🤖 AI Summary
Existing human mesh reconstruction methods often suffer from inaccurate poses and temporal jitter under occlusion. This work proposes a motion-prior-aware reconstruction framework that integrates temporal coherence and occlusion reasoning. A lightweight spatiotemporal occlusion detection module identifies occluded regions, and a history-based pose sequence is leveraged to predict plausible positions for occluded joints. These predictions are then fused with image-derived features through a motion-aware integration mechanism.

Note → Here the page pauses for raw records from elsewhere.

section \<open>The Agmon estimate\<close>

lemma QM_num_nonneg:
  assumes "M > 0" "k > 0" "l \<ge> 2" "S C1_differentiable_on QM_interval M k"
  shows "0 \<le> QM_num M k l S"
proof -
  have "0 \<le> integral (QM_interval M k) (\<lambda>x. deriv S x * deriv S x + Vpot M k l x * (S x * S x))"
  proof (rule integral_nonneg)
    show "(\<lambda>x. deriv S x * deriv S x + Vpot M k l x * (S x * S x)) integrable_on QM_interval M k"
      by (rule QM_num_integrand_integrable[OF assms(1-4,4) order_refl order_refl])
    fix x assume "x \<in> QM_interval M k"
    with Vpot_bounds(1)[OF assms(1,2) _ assms(3)]
    show "0 \<le> deriv S x * deriv S x + Vpot M k l x * (S x * S x)" by simp
  qed
  moreover have "0 \<le> QM_num_boundary_coeff M k l * (S (pi / 2) * S (pi / 2))"
    using QM_boundary_coeff_bounds(1)[OF assms(1-3)] by simp
  ultimately show ?thesis unfolding QM_num_eq_form QM_num_form_def by simp
qed

lemma is_R_QM_quotient_nonneg:
  assumes "M > 0" "k > 0" "l \<ge> 2" "is_R_QM M k l R"
  shows "0 \<le> QM_quotient M k l R"
  using assms(4) QM_num_nonneg[OF assms(1-3)] QM_admissible_den_pos[OF assms(1-3)]
  unfolding is_R_QM_def QM_admissible_def QM_quotient_def by (meson divide_nonneg_pos)

lemma C1_differentiable_on_exp_affine: "(\<lambda>x. exp (c * (x1 - x))) C1_differentiable_on S"
  unfolding C1_differentiable_on_def
  by (rule exI[of _ "\<lambda>x. - c * exp (c * (x1 - x))"])
     (auto intro!: continuous_intros derivative_eq_intros simp: has_real_derivative_iff_has_vector_derivative[symmetric])

text \<open>The integrand obtained by testing the Euler--Lagrange equation against
  \<open>exp (2\<mu>(x\<^sub>1 - x)) R\<close> and completing the square.\<close>

definition agmon_integrand :: "real \<Rightarrow> real \<Rightarrow> nat \<Rightarrow> (real \<Rightarrow> real) \<Rightarrow> real \<Rightarrow> real \<Rightarrow> real \<Rightarrow> real" where
  "agmon_integrand M k l R \<mu> x1 x = exp (2 * \<mu> * (x1 - x)) *
     ((deriv R x - \<mu> * R x)^2 + (Vpot M k l x - QM_quotient M k l R - \<mu>^2) * (R x)^2)"

lemma agmon_integrand_integrable:
  assumes "M > 0" "k > 0" "l \<ge> 2" "R C1_differentiable_on QM_interval M k"
    "rstar_3M M k \<le> c" "d \<le> pi / 2"
  shows "agmon_integrand M k l R \<mu> x1 integrable_on {c..d}"
proof -
  define q where "q = QM_quotient M k l R"
  note cont = C1_differentiable_imp_continuous_on[OF assms(4)] C1_differentiable_on_deriv(2)[OF assms(4)]
  have "(\<lambda>x. exp (2 * \<mu> * (x1 - x)) * (deriv R x - \<mu> * R x)^2 - (q + \<mu>^2) * (exp (2 * \<mu> * (x1 - x)) * (R x)^2))
        integrable_on {c..d}"
    by (rule integrable_continuous_interval, rule continuous_on_subset[of "QM_interval M k"])
       (use cont assms(5,6) in \<open>auto intro!: continuous_intros\<close>)
  moreover have "(\<lambda>x. Vpot M k l x * (exp (2 * \<mu> * (x1 - x)) * (R x)^2)) integrable_on {c..d}"
    by (rule Vpot_mult_integrable[OF assms(1-3) _ assms(5,6)]) (use cont in \<open>intro continuous_intros\<close>)
  ultimately have "(\<lambda>x. exp (2 * \<mu> * (x1 - x)) * (deriv R x - \<mu> * R x)^2 - (q + \<mu>^2) * (exp (2 * \<mu> * (x1 - x)) * (R x)^2)
        + Vpot M k l x * (exp (2 * \<mu> * (x1 - x)) * (R x)^2)) integrable_on {c..d}"
    by (rule integrable_add)
  then show ?thesis unfolding agmon_integrand_def q_def[symmetric] by (simp add: algebra_simps)
qed

lemma agmon_integral_eq:
  assumes "M > 0" "k > 0" "l \<ge> 2" "is_R_QM M k l R"
  shows "integral (QM_interval M k) (agmon_integrand M k l R \<mu> x1)
    = (QM_quotient M k l R * QM_den_boundary_coeff M l - QM_num_boundary_coeff M k l)
        * exp (2 * \<mu> * (x1 - pi / 2)) * (R (pi / 2))^2"
proof -
  define q where "q = QM_quotient M k l R"
  define \<psi> where "\<psi> = (\<lambda>x. exp (2 * \<mu> * (x1 - x)))"
  define E where "E = (\<lambda>x. \<psi> x * R x)"
  have R_C1: "R C1_differentiable_on QM_interval M k" and R0: "R (rstar_3M M k) = 0"
    using assms(4) unfolding is_R_QM_def QM_admissible_def by auto
  have E_C1: "E C1_differentiable_on QM_interval M k"
    unfolding E_def \<psi>_def by (intro C1_differentiable_on_mult C1_differentiable_on_exp_affine R_C1)
  have dE: "deriv E x = - 2 * \<mu> * \<psi> x * R x + \<psi> x * deriv R x" if "x \<in> QM_interval M k" for x
  proof (rule DERIV_imp_deriv)
    have "(\<psi> has_real_derivative - 2 * \<mu> * \<psi> x) (at x)"
      unfolding \<psi>_def by (auto intro!: derivative_eq_intros)
    from DERIV_mult[OF this C1_differentiable_on_deriv(1)[OF R_C1 that]]
    show "(E has_real_derivative - 2 * \<mu> * \<psi> x * R x + \<psi> x * deriv R x) (at x)"
      unfolding E_def by (simp add: algebra_simps)
  qed
  have "integral (QM_interval M k) (agmon_integrand M k l R \<mu> x1)
      = integral (QM_interval M k) (\<lambda>x. (deriv R x * deriv E x + Vpot M k l x * (R x * E x)) - q * (R x * E x))"
    by (intro integral_cong)
       (simp add: dE E_def[THEN fun_cong] agmon_integrand_def q_def \<psi>_def algebra_simps power2_eq_square)
  also have "\<dots> = integral (QM_interval M k) (\<lambda>x. deriv R x * deriv E x + Vpot M k l x * (R x * E x))
      - q * integral (QM_interval M k) (\<lambda>x. R x * E x)"
  proof -
    have "(\<lambda>x. R x * E x) integrable_on QM_interval M k"
      using C1_differentiable_imp_continuous_on[OF R_C1] C1_differentiable_imp_continuous_on[OF E_C1]
      by (intro integrable_continuous_interval continuous_on_mult)
    from integral_diff[OF QM_num_integrand_integrable[OF assms(1-3) R_C1 E_C1 order_refl order_refl]
        integrable_on_mult_right[OF this, of q]]
    show ?thesis by simp
  qed
  also have "\<dots> = (q * QM_den_boundary_coeff M l - QM_num_boundary_coeff M k l) * (R (pi / 2) * E (pi / 2))"
    using is_R_QM_first_variation[OF assms E_C1] R0
    unfolding QM_num_form_def QM_den_form_def q_def[symmetric] E_def by (simp add: algebra_simps)
  finally show ?thesis unfolding E_def \<psi>_def q_def by (simp add: power2_eq_square)
qed
lemma picard_iter_Suc_diff_le:
  obtains C where "0 \<le> C" "\<And>n i t. i < N \<Longrightarrow> t \<in> {0..T} \<Longrightarrow>
    \<bar>picard_iter x\<^sub>0 w \<sigma> (Suc n) i t - picard_iter x\<^sub>0 w \<sigma> n i t\<bar> \<le> C * (picard_rate * t) ^ n / fact n"
proof -
  have "bounded (\<Union>i<N. w i ` {0..T})"
    using w by (auto intro!: bounded_UN compact_imp_bounded compact_continuous_image)
  then obtain Bw where Bw: "\<And>i t. i < N \<Longrightarrow> t \<in> {0..T} \<Longrightarrow> \<bar>w i t\<bar> \<le> Bw"
    unfolding bounded_iff by fastforce
  define C where "C = (\<Sum>i<N. \<bar>x\<^sub>0 i\<bar>) + drift_bound * T + sqrt 2 * \<bar>Bw\<bar>"
  have "0 \<le> C"
    unfolding C_def using drift_bound_nonneg T_pos by (auto intro!: add_nonneg_nonneg sum_nonneg)
  have "\<bar>picard_iter x\<^sub>0 w \<sigma> (Suc n) i t - picard_iter x\<^sub>0 w \<sigma> n i t\<bar> \<le> C * (picard_rate * t) ^ n / fact n"
    if "i < N" "t \<in> {0..T}" for n i t
    using that
  proof (induction n arbitrary: i t)
    case 0
    have "\<bar>x\<^sub>0 i\<bar> \<le> (\<Sum>i<N. \<bar>x\<^sub>0 i\<bar>)"
      using 0 by (intro member_le_sum) auto
    moreover have "\<bar>drift_integral \<sigma> (\<lambda>i t. 0) i t\<bar> \<le> drift_bound * T"
      using 0 by (intro abs_drift_integral_le) auto
    moreover have "\<bar>sqrt 2 * w i t\<bar> \<le> sqrt 2 * \<bar>Bw\<bar>"
      using Bw[OF 0] by (auto simp: abs_mult intro: mult_left_mono)
    ultimately show ?case
      unfolding picard_iter_Suc picard_iter_0 picard_step_def C_def by simp
  next
    case (Suc n)
    have "\<bar>drift_integral \<sigma> (picard_iter x\<^sub>0 w \<sigma> (Suc n)) i t - drift_integral \<sigma> (picard_iter x\<^sub>0 w \<sigma> n) i t\<bar>
        \<le> C * (picard_rate * t) ^ Suc n / fact (Suc n)"
      using Suc \<open>0 \<le> C\<close> T_pos
      by (intro drift_integral_diff_le[where t' = T] continuous_while_aliveI continuous_on_picard_iter)
         (auto elim: continuous_on_subset[OF continuous_on_picard_iter])
    then show ?case
      unfolding picard_iter_Suc[of _ _ _ "Suc n"] picard_iter_Suc[of _ _ _ n] picard_step_def by simp
  qed
  with \<open>0 \<le> C\<close> that show ?thesis
    by blast
qed

lemma uniform_limit_picard_iter:
  assumes "i < N"
  shows "uniform_limit {0..T} (\<lambda>n. picard_iter x\<^sub>0 w \<sigma> n i) (paths_for_kills x\<^sub>0 w \<sigma> i) sequentially"
proof -
  obtain C where "0 \<le> C" and C: "\<And>n i t. i < N \<Longrightarrow> t \<in> {0..T} \<Longrightarrow>
      \<bar>picard_iter x\<^sub>0 w \<sigma> (Suc n) i t - picard_iter x\<^sub>0 w \<sigma> n i t\<bar> \<le> C * (picard_rate * t) ^ n / fact n"
    using picard_iter_Suc_diff_le by blast
  define d where "d k t = picard_iter x\<^sub>0 w \<sigma> (Suc k) i t - picard_iter x\<^sub>0 w \<sigma> k i t" for k t
  have telescope: "picard_iter x\<^sub>0 w \<sigma> n i t = (\<Sum>k<n. d k t)" for n t
    unfolding d_def by (induction n) (auto simp: picard_iter_0)
  have "norm (d k t) \<le> C * (picard_rate * T) ^ k / fact k" if "t \<in> {0..T}" for k t
    using C[OF assms that, of k] that \<open>0 \<le> C\<close> picard_rate_ge_1 unfolding d_def
    by (smt (verit, ccfv_SIG) atLeastAtMost_iff divide_right_mono fact_ge_zero mult_left_mono
        mult_nonneg_nonneg power_mono real_norm_def)
  moreover have "summable (\<lambda>k. C * (picard_rate * T) ^ k / fact k)"
    using summable_mult[OF summable_exp_generic[of "picard_rate * T"], of C]
    by (simp add: divide_inverse_commute mult.left_commute)
  ultimately have unif: "uniform_limit {0..T} (\<lambda>n t. \<Sum>k<n. d k t) (\<lambda>t. \<Sum>k. d k t) sequentially"
    by (rule Weierstrass_m_test)
  have limit: "paths_for_kills x\<^sub>0 w \<sigma> i t = (\<Sum>k. d k t)" if "t \<in> {0..T}" for t
    using tendsto_uniform_limitI[OF unif that] unfolding paths_for_kills_def telescope
    by (rule limI)
  show ?thesis
    using unif by (rule uniform_limit_cong'[THEN iffD1, rotated -1]) (auto simp: limit telescope)
qed

lemma continuous_on_paths_for_kills: "i < N \<Longrightarrow> continuous_on {0..T} (paths_for_kills x\<^sub>0 w \<sigma> i)"
  by (rule uniform_limit_theorem[OF _ uniform_limit_picard_iter])
     (auto intro!: always_eventually continuous_on_picard_iter)

lemma picard_iter_LIMSEQ:
  "i < N \<Longrightarrow> t \<in> {0..T} \<Longrightarrow> (\<lambda>n. picard_iter x\<^sub>0 w \<sigma> n i t) \<longlonglongrightarrow> paths_for_kills x\<^sub>0 w \<sigma> i t"
  by (rule tendsto_uniform_limitI[OF uniform_limit_picard_iter])

lemma drift_integral_picard_iter_LIMSEQ:
  assumes "i < N" "t \<in> {0..T}"
  shows "(\<lambda>n. drift_integral \<sigma> (picard_iter x\<^sub>0 w \<sigma> n) i t) \<longlonglongrightarrow> drift_integral \<sigma> (paths_for_kills x\<^sub>0 w \<sigma>) i t"
proof (rule LIMSEQ_I)
  fix e :: real assume "0 < e"
  define \<epsilon> where "\<epsilon> = e / (2 * (picard_rate * T))"
  have "0 < picard_rate * T"
    using picard_rate_ge_1 T_pos by simp
  then have "0 < \<epsilon>" and "\<epsilon> * (picard_rate * T) < e"
    unfolding \<epsilon>_def using \<open>0 < e\<close> by simp_all
  have "eventually (\<lambda>n. \<forall>j\<in>{..<N}. \<forall>r\<in>{0..T}. dist (picard_iter x\<^sub>0 w \<sigma> n j r) (paths_for_kills x\<^sub>0 w \<sigma> j r) < \<epsilon>)
      sequentially"
    using uniform_limitD[OF uniform_limit_picard_iter \<open>0 < \<epsilon>\<close>] by (intro eventually_ball_finite) auto
  then obtain n0 where n0: "\<And>n j r. n \<ge> n0 \<Longrightarrow> j < N \<Longrightarrow> r \<in> {0..T} \<Longrightarrow>
      \<bar>picard_iter x\<^sub>0 w \<sigma> n j r - paths_for_kills x\<^sub>0 w \<sigma> j r\<bar> \<le> \<epsilon>"
    unfolding eventually_sequentially dist_real_def by (meson less_imp_le lessThan_iff)
  have "\<bar>drift_integral \<sigma> (picard_iter x\<^sub>0 w \<sigma> n) i t - drift_integral \<sigma> (paths_for_kills x\<^sub>0 w \<sigma>) i t\<bar>
      \<le> \<epsilon> * (picard_rate * T)" if "n \<ge> n0" for n
    using assms n0[OF that] \<open>0 < \<epsilon>\<close>
    by (intro abs_drift_integral_diff_le_uniform continuous_on_picard_iter continuous_on_paths_for_kills) auto
  with \<open>\<epsilon> * (picard_rate * T) < e\<close> show "\<exists>n0. \<forall>n\<ge>n0. norm (drift_integral \<sigma> (picard_iter x\<^sub>0 w \<sigma> n) i t
      - drift_integral \<sigma> (paths_for_kills x\<^sub>0 w \<sigma>) i t) < e"
    by fastforce
qed
text \<open>
  By Newton's identities the \<open>F\<^sub>k\<close> are the Taylor coefficients of
  \<open>f(z) = exp(- \<Sum> s\<^sub>k z^k / k) = sqrt((1 - a z)(1 - d z) / ((1 - b z)(1 - c z)))\<close>.
  Adding the two representations of \<open>T\<close> and reflecting \<open>z \<mapsto> 1/z\<close> gives
  \<open>(1 - d z) Q^2 - (1 - a z)(1 - b z)(1 - c z) Y^2 = e z^(2m+1)\<close> with \<open>e \<noteq> 0\<close>, where \<open>Q\<close> and \<open>Y\<close>
  are the reversed polynomials of \<open>\<Prod>(z - x\<^sub>j)\<close> and \<open>\<Prod>(z - y\<^sub>j)\<close>. Multiplying
  \<open>Q f - (1 - a z) Y\<close> by \<open>(Q f + (1 - a z) Y)(1 - b z)(1 - c z)\<close> shows
  \<open>Q f = (1 - a z) Y + O(z^(2m+1))\<close>: \<open>Q\<close> is the denominator of the \<open>[m/m]\<close> Pade approximant
  of \<open>f\<close>, so its coefficients solve the Toeplitz system with matrix \<open>F\<close> and right-hand side
  \<open>-(F\<^sub>m\<^sub>+\<^sub>1, ..., F\<^sub>2\<^sub>m)\<close>. The same identity makes this Pade denominator unique, so \<open>F\<close> is
  nonsingular, and Cramer's rule identifies \<open>det F\<^sub>i / det F\<close> with the coefficients of \<open>Q\<close>,
  i.e. those of \<open>\<Prod>(z - x\<^sub>j)\<close> read backwards.
\<close>

definition Mk_last_row :: "(nat \<Rightarrow> complex) \<Rightarrow> (nat \<Rightarrow> complex) \<Rightarrow> nat \<Rightarrow> complex mat" where
  "Mk_last_row s w k = mat k k (\<lambda>(i, j). if i = k - 1 then w j else if j \<le> i then s (i - j + 1)
                                 else if j = i + 1 then of_nat (i + 1) else 0)"
lemma test_integral_le_Hoelder:
  assumes p: "p > 1" and P: "Lnorm_inv (lebn d) (1/p) f \<noteq> top"
    and I_finite: "\<And>j. j \<in> J \<Longrightarrow> I j \<noteq> top"
    and h [measurable]: "h \<in> borel_measurable (lebn (dd i0))"
  shows "(\<integral>\<^sup>+y. g i0 y * epow (h y) (1 - q i0) \<partial>lebn (dd i0))
    \<le> epow (\<integral>\<^sup>+x. f x * epow (BL_integrand h x) (1 - 1/p) \<partial>lebn d) (1 / \<theta> i0)
       * (\<Prod>j\<in>J. epow (I j) (- \<theta> j / \<theta> i0))"
proof -
  have "(\<integral>\<^sup>+y. g i0 y * epow (h y) (1 - q i0) \<partial>lebn (dd i0))
      = (\<integral>\<^sup>+x. f x * epow (h (A i0 x)) (1 - q i0) \<partial>lebn d)"
    using g_push[OF i0(1)] by (rule is_pushforward_nn_integral[symmetric]) measurable
  also have "\<dots> \<le> (\<integral>\<^sup>+x. (\<Prod>i\<in>K. epow (hoelder_factor h i x) (hoelder_weight i)) \<partial>lebn d)"
    by (rule nn_integral_mono_AE[OF AE_test_integrand_le[OF p P I_finite]])
  also have "\<dots> \<le> (\<Prod>i\<in>K. epow (\<integral>\<^sup>+x. hoelder_factor h i x \<partial>lebn d) (hoelder_weight i))"
    by (intro nn_integral_prod_epow_le hoelder_factor_measurable hoelder_weight_nonneg
        hoelder_weight_sum h) auto
  also have "\<dots> = epow (\<integral>\<^sup>+x. f x * epow (BL_integrand h x) (1 - 1/p) \<partial>lebn d) (1 / \<theta> i0)
       * (\<Prod>j\<in>J. epow (I j) (- \<theta> j / \<theta> i0))"
    unfolding prod_K_split nn_integral_hoelder_factor_i0
    using nn_integral_hoelder_factor_J[OF p _ I_finite]
    by (auto simp: hoelder_weight_def intro!: prod.cong)
  finally show ?thesis .
qed

lemma nn_integral_BL_integrand_le:
  assumes h [measurable]: "h \<in> borel_measurable (lebn (dd i0))"
    and h_pos: "(\<integral>\<^sup>+y. h y \<partial>lebn (dd i0)) \<noteq> 0" "(\<integral>\<^sup>+y. h y \<partial>lebn (dd i0)) \<noteq> top"
    and I_pos: "\<And>j. j \<in> J \<Longrightarrow> I j \<noteq> 0 \<and> I j \<noteq> top"
  shows "(\<integral>\<^sup>+x. BL_integrand h x \<partial>lebn d)
    \<le> BL d k dd B c * (epow (\<integral>\<^sup>+y. h y \<partial>lebn (dd i0)) (c i0) * (\<Prod>j\<in>J. epow (I j) (c j)))"
proof -
  have "(\<integral>\<^sup>+x. BL_integrand h x \<partial>lebn d)
      \<le> BL d k dd B c * (\<Prod>i\<in>K. epow (\<integral>\<^sup>+y. BL_input h i y \<partial>lebn (dd i)) (c i))"
    unfolding BL_integrand_def
    using h_pos I_pos by (intro nn_integral_le_BL BL_input_measurable h) (auto simp: BL_input_def)
  also have "(\<Prod>i\<in>K. epow (\<integral>\<^sup>+y. BL_input h i y \<partial>lebn (dd i)) (c i))
      = epow (\<integral>\<^sup>+y. h y \<partial>lebn (dd i0)) (c i0) * (\<Prod>j\<in>J. epow (I j) (c j))"
    unfolding prod_K_split by (auto simp: BL_input_def intro!: prod.cong)
  finally show ?thesis .
qed
lemma rest_point_unreachable:
  assumes "A \<le> B" and "Z B = 0" and "v B = 0"
  shows "Z A = 0"
proof (rule ccontr)
  assume "Z A \<noteq> 0"
  have "continuous_on {A..B} u" "continuous_on {A..B} (\<lambda>t. \<bar>Z t\<bar>)"
    using DERIV_isCont[OF u_deriv] DERIV_isCont[OF Z_deriv]
    by (auto intro!: continuous_at_imp_continuous_on continuous_intros)
  then obtain t1 t2 where t1: "\<And>t. t \<in> {A..B} \<Longrightarrow> u t1 \<le> u t"
    and t2: "\<And>t. t \<in> {A..B} \<Longrightarrow> \<bar>Z t\<bar> \<le> \<bar>Z t2\<bar>"
    using continuous_attains_inf[of "{A..B}" u] continuous_attains_sup[of "{A..B}" "\<lambda>t. \<bar>Z t\<bar>"]
      \<open>A \<le> B\<close> by (metis atLeastAtMost_iff compact_Icc empty_iff order_refl)
  have "(\<lambda>t. (Z t)\<^sup>2 + (v t)\<^sup>2) B > 0"
  proof (rule deriv_ge_linear_preserves_pos[OF \<open>A \<le> B\<close>])
    show "((\<lambda>t. (Z t)\<^sup>2 + (v t)\<^sup>2) has_real_derivative 2 * Z t * (\<theta> - u t) + 2 * v t * v' t) (at t)" for t
      by (auto intro!: derivative_eq_intros Z_deriv v_deriv)
    show "- (1 / (k * min (u t1) \<theta> powr (k - 1)) + 2 * a + C * exp \<bar>Z t2\<bar>) * ((Z t)\<^sup>2 + (v t)\<^sup>2)
        \<le> 2 * Z t * (\<theta> - u t) + 2 * v t * v' t" if "t \<in> {A..B}" for t
      using t1[OF that] t2[OF that] u_pos[of t1] theta_pos
      by (intro rest_distance_deriv_ge) auto
    show "(Z A)\<^sup>2 + (v A)\<^sup>2 > 0" using \<open>Z A \<noteq> 0\<close> by (simp add: add_pos_nonneg)
  qed
  then show False using assms by simp
qed

lemma finitely_many_zeros_below:
  assumes below: "\<And>t. t \<le> A \<Longrightarrow> Z t < 0"
  shows "finite {t. t \<le> B \<and> Z t = 0}"
proof (rule ccontr)
  assume "infinite {t. t \<le> B \<and> Z t = 0}"
  moreover have "{t. t \<le> B \<and> Z t = 0} \<subseteq> {t \<in> {A..B}. Z t = 0}"
  proof
    fix t assume t: "t \<in> {t. t \<le> B \<and> Z t = 0}"
    then have "\<not> t \<le> A" using below[of t] by auto
    with t show "t \<in> {t \<in> {A..B}. Z t = 0}" by simp
  qed
  ultimately have "infinite {t \<in> {A..B}. Z t = 0}" using finite_subset by blast
  then obtain t0 where t0: "t0 \<in> {A..B}" "Z t0 = 0" "\<theta> - u t0 = 0"
    using infinite_zeros_imp_critical_zero[of A B Z "\<lambda>t. \<theta> - u t"] Z_deriv by blast
  then have "v t0 = 0" by (simp add: v_eq)
  with t0 have "Z A = 0" by (intro rest_point_unreachable[of A t0]) auto
  then show False using below[of A] by simp
qed

end

section \<open>Radial solutions\<close>

lemma flux_tendsto_zero_at_0:
  fixes w' :: "real \<Rightarrow> real"
  assumes "\<alpha> > 0" and "\<beta> \<ge> 0" and "continuous_on {0..} w'"
  shows "(flux \<alpha> \<beta> w' \<longlongrightarrow> 0) (at_right 0)"
proof -
  have "compact (w' ` {0..1})"
    using assms(3) by (intro compact_continuous_image) (auto intro: continuous_on_subset)
  then obtain K where K: "\<And>r. r \<in> {0..1} \<Longrightarrow> \<bar>w' r\<bar> \<le> K"
    by (fastforce dest: compact_imp_bounded simp: bounded_real)
  have "((\<lambda>r. r powr \<alpha>) \<longlongrightarrow> 0) (at_right 0)"
  proof (rule tendsto_zero_powrI[OF tendsto_ident_at tendsto_const _ assms(1)])
    show "eventually (\<lambda>r. 0 \<le> r) (at_right (0::real))"
      by (rule eventually_at_rightI[of 0 1]) auto
  qed
  moreover have "eventually (\<lambda>r. norm (flux \<alpha> \<beta> w' r) \<le> norm (r powr \<alpha>) * (K powr \<beta> * K)) (at_right 0)"
  proof (rule eventually_at_rightI[of 0 1])
    fix r :: real assume r: "r \<in> {0<..<1}"
    then have "\<bar>w' r\<bar> powr \<beta> * \<bar>w' r\<bar> \<le> K powr \<beta> * K"
      using K[of r] assms(2) by (intro mult_mono powr_mono2) auto
    then show "norm (flux \<alpha> \<beta> w' r) \<le> norm (r powr \<alpha>) * (K powr \<beta> * K)"
      using r by (simp add: flux_def abs_mult mult_left_mono)
  qed simp
  ultimately show ?thesis by (rule tendsto_0_le)
qed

Furthermore, an inverse kinematics refinement step, guided by unoccluded motion priors, fine-tunes the final pose to enhance anatomical plausibility and smoothness. The proposed approach significantly improves both accuracy and temporal consistency in occluded scenarios, achieving state-of-the-art performance across multiple standard and occlusion-specific benchmarks.
📝 Abstract
Although recent studies have made remarkable progress in human mesh recovery, they still exhibit limited robustness to occlusions and often produce inaccurate poses and severe motion jitter due to the insufficient spatial features for occluded body parts. Inspired by the rapid advancements in human motion prediction, we discover that compared to occluded image features, pose sequence inherently contains reliable motion prior for estimating occluded body parts. In this paper, we incorporate Motion Prior for Occluded human mesh recovery, called MoPO. Our MoPO mainly consists of two components: 1) The motion de-occlusion module, where we propose a spatial-temporal occlusion detector to detect joint visibility, and then we propose a lightweight motion predictor to complete the occluded body parts by predicting the most plausible joint positions based on history poses. 2) The motion-aware fusion and refinement module, which fuses the completed joint sequence with image features to estimate human shape and initial human pose. Moreover, the completed joint sequence is further used to refine the final human pose through inverse kinematics, which provides the occlusion-free motion prior for regressing human poses. Extensive experiments demonstrate that MoPO achieves state-of-the-art performance on both occlusion-specific and standard benchmarks, significantly enhancing the accuracy and temporal consistency of occluded human mesh recovery. Our code and demo can be found in the supplementary material.